Tecrite karşı mücadele etmek, devrimci değerlerimizi ve kimliğimizi koruyabilmek için tutsağa düşen görevlerde sistemin saldırıya en önce başladığı yerden direnişi örmek olmalı. Sistem bizi önce örgütlü ortamımızdan koparıp örgütlülüklerimizi dağıtıyor, öyleyse biz de tek de olsak ayrı ayrı hücrelere atılıp birbirimizden koparılmaya da çalışılsak önce dağıtılan ya da dağıtılmak istenen örgütlülüklerimizi inşa edip, var olanları koruyup, geliştirerek işe başlamalıyız.

Yaşamımızı kontrol altına almak için dayatılan yaptırım, uygulama ve disiplini reddedip, dayatılan rutin olanı parçalayıp kendi devrimci yaşamımızı örgütlemeliyiz.

Sistem sosyal bir varlık olarak tutsağı tecritle dış dünyadan, canlı yaşamdan alıkoyup alıcılarını köreltmeye çalışırken, bilincini, ufkunu gelişimini de engelleyerek yıkıma uğratmak istemektedir. O halde bu saldırının önüne geçebilmek için tecritle daha fazla okuyup, araştırıp, üreterek daraltılmaya çalışılan ufkumuzu genişletmeli yaşamı yeniden üretebilmeliyiz.

Sistemin tecrit-tretmanla devreye soktuğu, ideolojik-politik fiili çok çeşitli olan “havuç-sopa” biçimindeki saldırılarına karşı biz de kendimizi ideolojik mücadeleyi elden bırakmadan, kendimize ve dışımıza karşı sürekli mücadele ederek, iç denetimi sağlayıp kendimizi disipline edebilir ve o oranda da dışımızla mücadelede daha güçlü olabiliriz. Aksi taktirde tecritin koşullarının da etkisiyle yerde burjuvazi yeşerir, o boşluğu doldurur. Bu da zamanla daha da güçlenerek tutsakta önce içe kapanmayı sonra adım adım gerilemeyi getirir. Devrimci düşünüş ve değerler zayıflamaya başladığında olaylara kendi merkezli bakarak, adım adım örgütlü yaşamdan, örgütlüğünden, kolektiften, kolektif düşünceden uzaklaşarak bireyi-beni yaşamın merkezine oturtmasını sağlar. Kendi ihtiyaçları, istek ve arzularını ön plana çıkararak, kendisi için yazan, kendisi için okuyan kolektif ve sınıf mücadelesinin ihtiyacını hiçe sayan bireyler haline getirir. Ben merkezci, çıkan sorunları kendi dışında görme/arama, kibirli, kariyerist vs. anlayışların gelişmesine parti, devrim ve halk gibi kavramların silikleşerek yerine kişisel istek, ihtiyaç ve özlemlerin alması kendine dair bir dünya yaratmasını getirir. Sistemin hedeflediği de budur.
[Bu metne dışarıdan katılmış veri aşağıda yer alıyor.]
lemma L2_test_fun:
  fixes \<psi> :: "real^3 \<Rightarrow> real^3"
  assumes "bounded \<Omega>" "open \<Omega>" "test_fun \<Omega> \<psi>"
  shows "L2 \<Omega> \<psi>"
  using assms L2_if_continuous C_inf_continuous_on unfolding test_fun_def by blast

section \<open>Weak curl and weak gradient\<close>

lemma Hcurl_L2: "u \<in> Hcurl \<Omega> \<Longrightarrow> L2 \<Omega> u"
  unfolding Hcurl_def by blast

lemma H0curl_Hcurl: "u \<in> H0curl \<Omega> \<Longrightarrow> u \<in> Hcurl \<Omega>"
  unfolding H0curl_def by blast

lemma H0curl_L2: "u \<in> H0curl \<Omega> \<Longrightarrow> L2 \<Omega> u"
  by (rule Hcurl_L2[OF H0curl_Hcurl])

lemma wcurl_Hcurl:
  assumes "u \<in> Hcurl \<Omega>"
  shows "L2 \<Omega> (wcurl \<Omega> u)" and "has_weak_curl \<Omega> u (wcurl \<Omega> u)"
proof -
  have "\<exists>w. L2 \<Omega> w \<and> has_weak_curl \<Omega> u w" using assms unfolding Hcurl_def by blast
  then have "L2 \<Omega> (wcurl \<Omega> u) \<and> has_weak_curl \<Omega> u (wcurl \<Omega> u)"
    unfolding wcurl_def by (rule someI_ex)
  then show "L2 \<Omega> (wcurl \<Omega> u)" and "has_weak_curl \<Omega> u (wcurl \<Omega> u)" by auto
qed

lemma wgrad_H1:
  assumes "p \<in> H1 \<Omega>"
  shows "L2 \<Omega> (wgrad \<Omega> p)" and "has_weak_grad \<Omega> p (wgrad \<Omega> p)"
proof -
  have "\<exists>g. L2 \<Omega> g \<and> has_weak_grad \<Omega> p g" using assms unfolding H1_def by blast
  then have "L2 \<Omega> (wgrad \<Omega> p) \<and> has_weak_grad \<Omega> p (wgrad \<Omega> p)"
    unfolding wgrad_def by (rule someI_ex)
  then show "L2 \<Omega> (wgrad \<Omega> p)" and "has_weak_grad \<Omega> p (wgrad \<Omega> p)" by auto
qed

lemma H0curl_approx:
  assumes "u \<in> H0curl \<Omega>"
  obtains \<psi> :: "nat \<Rightarrow> real^3 \<Rightarrow> real^3" where "\<And>k. test_fun \<Omega> (\<psi> k)"
    "(\<lambda>k. ip \<Omega> (\<lambda>x. \<psi> k x - u x) (\<lambda>x. \<psi> k x - u x)) \<longlonglongrightarrow> 0"
    "(\<lambda>k. ip \<Omega> (\<lambda>x. curl (\<psi> k) x - wcurl \<Omega> u x) (\<lambda>x. curl (\<psi> k) x - wcurl \<Omega> u x)) \<longlonglongrightarrow> 0"
  using assms unfolding H0curl_def by blast

lemma ip_H0curl_eq_0:
  assumes b: "bounded \<Omega>" and o: "open \<Omega>" and f: "L2 \<Omega> f"
    and orth: "\<And>\<psi>. test_fun \<Omega> \<psi> \<Longrightarrow> ip \<Omega> f \<psi> = 0" and u: "u \<in> H0curl \<Omega>"
  shows "ip \<Omega> f u = 0"
proof -
  obtain \<psi> where t: "\<And>k. test_fun \<Omega> (\<psi> k)"
    and conv: "(\<lambda>k. ip \<Omega> (\<lambda>x. \<psi> k x - u x) (\<lambda>x. \<psi> k x - u x)) \<longlonglongrightarrow> 0"
    using H0curl_approx[OF u] by blast
  have "(\<lambda>k. ip \<Omega> f (\<psi> k)) \<longlonglongrightarrow> ip \<Omega> f u"
    by (rule tendsto_ip_right[OF f H0curl_L2[OF u] L2_test_fun[OF b o t] conv])
  then show ?thesis using orth[OF t] by (simp add: LIMSEQ_const_iff)
qed

lemma ip_wcurl_sym:
  assumes b: "bounded \<Omega>" and o: "open \<Omega>" and u: "u \<in> Hcurl \<Omega>" and v: "v \<in> H0curl \<Omega>"
  shows "ip \<Omega> (wcurl \<Omega> u) v = ip \<Omega> u (wcurl \<Omega> v)"
proof -
  obtain \<psi> where t: "\<And>k. test_fun \<Omega> (\<psi> k)"
    and conv: "(\<lambda>k. ip \<Omega> (\<lambda>x. \<psi> k x - v x) (\<lambda>x. \<psi> k x - v x)) \<longlonglongrightarrow> 0"
    and conv_curl: "(\<lambda>k. ip \<Omega> (\<lambda>x. curl (\<psi> k) x - wcurl \<Omega> v x)
                               (\<lambda>x. curl (\<psi> k) x - wcurl \<Omega> v x)) \<longlonglongrightarrow> 0"
    using H0curl_approx[OF v] by blast
  have curl_L2: "L2 \<Omega> (curl (\<psi> k))" for k
    by (rule L2_test_fun[OF b o test_fun_curl[OF t]])
  have "(\<lambda>k. ip \<Omega> (wcurl \<Omega> u) (\<psi> k)) \<longlonglongrightarrow> ip \<Omega> (wcurl \<Omega> u) v"
    by (rule tendsto_ip_right[OF wcurl_Hcurl(1)[OF u] H0curl_L2[OF v] L2_test_fun[OF b o t] conv])
  moreover have "(\<lambda>k. ip \<Omega> u (curl (\<psi> k))) \<longlonglongrightarrow> ip \<Omega> u (wcurl \<Omega> v)"
    by (rule tendsto_ip_right[OF Hcurl_L2[OF u] wcurl_Hcurl(1)[OF H0curl_Hcurl[OF v]] curl_L2 conv_curl])
  moreover have "ip \<Omega> u (curl (\<psi> k)) = ip \<Omega> (wcurl \<Omega> u) (\<psi> k)" for k
    using wcurl_Hcurl(2)[OF u] t unfolding has_weak_curl_def by blast
  ultimately show ?thesis using LIMSEQ_unique by simp
qed

lemma ip_wgrad_H0curl:
  assumes b: "bounded \<Omega>" and o: "open \<Omega>" and p: "p \<in> H1 \<Omega>"
    and g: "L2 \<Omega> g" "has_weak_grad \<Omega> p g" and w: "w \<in> H0curl \<Omega>"
  shows "ip \<Omega> (wgrad \<Omega> p) w = ip \<Omega> g w"
proof -
  note wp = wgrad_H1[OF p]
  have "ip \<Omega> (\<lambda>x. wgrad \<Omega> p x - g x) w = 0"
  proof (rule ip_H0curl_eq_0[OF b o L2_diff[OF wp(1) g(1)] _ w])
    fix \<psi> :: "real^3 \<Rightarrow> real^3" assume t: "test_fun \<Omega> \<psi>"
    then show "ip \<Omega> (\<lambda>x. wgrad \<Omega> p x - g x) \<psi> = 0"
      using wp(2) g(2) ip_diff_left[OF wp(1) g(1) L2_test_fun[OF b o t]]
      unfolding has_weak_grad_def by simp
  qed
  then show ?thesis using ip_diff_left[OF wp(1) g(1) H0curl_L2[OF w]] by simp
qed

lemma ip_wcurl_weak_grad_H0curl:
  assumes b: "bounded \<Omega>" and o: "open \<Omega>" and g: "g \<in> Hcurl \<Omega>" "has_weak_grad \<Omega> p g"
    and u: "u \<in> H0curl \<Omega>"
  shows "ip \<Omega> (wcurl \<Omega> g) u = 0"
proof (rule ip_H0curl_eq_0[OF b o wcurl_Hcurl(1)[OF g(1)] _ u])
  fix \<psi> :: "real^3 \<Rightarrow> real^3" assume t: "test_fun \<Omega> \<psi>"
  have "ip \<Omega> (wcurl \<Omega> g) \<psi> = ip \<Omega> g (curl \<psi>)"
    using wcurl_Hcurl(2)[OF g(1)] t unfolding has_weak_curl_def by simp
  also have "\<dots> = ip \<Omega> p (\<lambda>x. - (\<Sum>j\<in>UNIV. pd (curl \<psi>) j x $ j))"
    using g(2) test_fun_curl[OF t] unfolding has_weak_grad_def by simp
  also have "\<dots> = 0"
    using div_curl_eq_0 t unfolding test_fun_def ip_def by simp
  finally show "ip \<Omega> (wcurl \<Omega> g) \<psi> = 0" .
qed

lemma fn_subspace_scaleR_add:
  assumes V: "fn_subspace V" and "u \<in> V" "v \<in> V"
  shows "(\<lambda>x. c *\<^sub>R (u x + v x)) \<in> V"
proof -
  have "(\<lambda>x. u x + v x) \<in> V" using V assms unfolding fn_subspace_def by blast
  moreover have "\<forall>w\<in>V. (\<lambda>x. c *\<^sub>R w x) \<in> V" using V unfolding fn_subspace_def by blast
  ultimately show ?thesis by force
qed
Bir kez daha belirtmek gerekir ki bu savaşta tecrite karşı kazanılacak zaferin sonucunu belirleyecek olan bedenimizin tecrit olmamasıdır. Beynimize bilincimizde hücrelerin oluşturulmasına izin vermememiz var olanları parçalamamızdır.

Ancak unutmayalım ki tecrit saldırısı sadece tutsaklara, hapishanelere yönelik değil, tüm topluma dayatılan bir saldırıdır. İster içeride ister dışarıda olsun sistem kolektif ruhu parçalayabildiği oranda amacına ulaşabilir, kendini koruyup yeniden üretebilir. Buna izin vermemek bizim elimizdedir. Bunun için içeride, dışarıda mücadeleyi birleştirerek büyütebilir, güçlü kılabilir ve sistemin tecrit saldırılarını boşa çıkarıp parçalanabilinir. Sloganımız ve odağımız özetle hep ifade ettiğimiz gibi, içeride dışarıda hücreleri parçala!